1725. De Foe, Voy. round World (1840), 97. The governor putting so much confidence in us, that we might go on shore in the very fort unsuspected.
1798. S. & Ht. Lee, Canterb. T., II. 123. [He was] enabled, unsuspected, to trace the emotions of the heart he best loved.
1813. Coleridge, Remorse, II. i. 57. But I had traced her, stolen unnoticd on them, And unsuspected heard the whole.
2. Not regarded with suspicion; not considered to be suspicious or doubtful.
a. 1586. Sidney, Arcadia, I. xiv.

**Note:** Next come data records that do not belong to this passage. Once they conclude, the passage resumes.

lemma connected: "u \<in> V \<Longrightarrow> w \<in> V \<Longrightarrow> (u, w) \<in> (adj_rel Ed)\<^sup>*"
  using tree_fs_H unfolding tree_fs_H_def is_tree_def by simp

lemma edge_has_vertex: "e \<in> Ed \<Longrightarrow> \<exists>v\<in>V. v \<in> e"
proof -
  assume e: "e \<in> Ed"
  then have "card e = 2" using tree_fs_H unfolding tree_fs_H_def is_tree_def by simp
  then obtain v where "v \<in> e" by (auto simp: card_2_iff)
  then show ?thesis using edge_subset_V[OF e] by blast
qed

sublocale fusion_family p G V Sv Fv
  using tree_fs_H unfolding tree_fs_H_def by unfold_locales simp

text \<open>All uses of Hypothesis (H) go through this induction principle.\<close>

lemma root_induct [consumes 1, case_names root step]:
  assumes v: "v \<in> V" and root: "P vs"
    and step: "\<And>v w. v \<in> V \<Longrightarrow> v \<noteq> vs \<Longrightarrow> w \<in> V \<Longrightarrow> {v, w} \<in> Ed \<Longrightarrow> Se {v, w} = Sv v
        \<Longrightarrow> P w \<Longrightarrow> P v"
  shows "P v"
proof -
  obtain xs where "min_path Ed v vs xs"
    using min_path_exists[OF connected[OF v root_in_V]] by blast
  with v show ?thesis
  proof (induction "length xs" arbitrary: v xs rule: less_induct)
    case less
    show ?case
    proof (cases "v = vs")
      case True
      then show ?thesis using root by simp
    next
      case False
      have walk: "is_walk Ed xs" "hd xs = v" "last xs = vs"
        using less.prems unfolding min_path_def by auto
      then obtain w ys where xs: "xs = v # w # ys"
        using False unfolding is_walk_def by (cases xs rule: remdups_adj.cases) auto
      have e: "{v, w} \<in> Ed" using walk(1) unfolding xs is_walk_iff_successively by simp
      then have w: "w \<in> V" using edge_subset_V by blast
      have "min_path Ed w vs (w # ys)" by (rule min_path_Cons) (use less.prems xs in simp)
      then have "P w" using less.hyps[of "w # ys" w] w xs by simp
      moreover have "Se {v, w} = Sv v" using hypothesis_H[of v xs] less.prems False xs by simp
      ultimately show ?thesis using step less.prems(1) False w e by blast
    qed
  qed
qed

Hoping that (going for a woman) my lookes would passe, either unmarked, or unsuspected.
1594. Shaks., Rich. III., III. v. 23. That ignoble Traytor, The dangerous and vnsuspected Hastings.
1603. Knolles, Hist. Turks (1621), 147. For his too profuse bountie he could not be vnsuspected of his brother.
1670. Clarendon, Hist. Reb., XII. § 129. Those principal heads of the Clans who were of known, or unsuspected Affection to the King.
1747. J. Lind, Lett. Navy (1757), I. 16. The courage of our common seamen is hitherto generally unsuspected.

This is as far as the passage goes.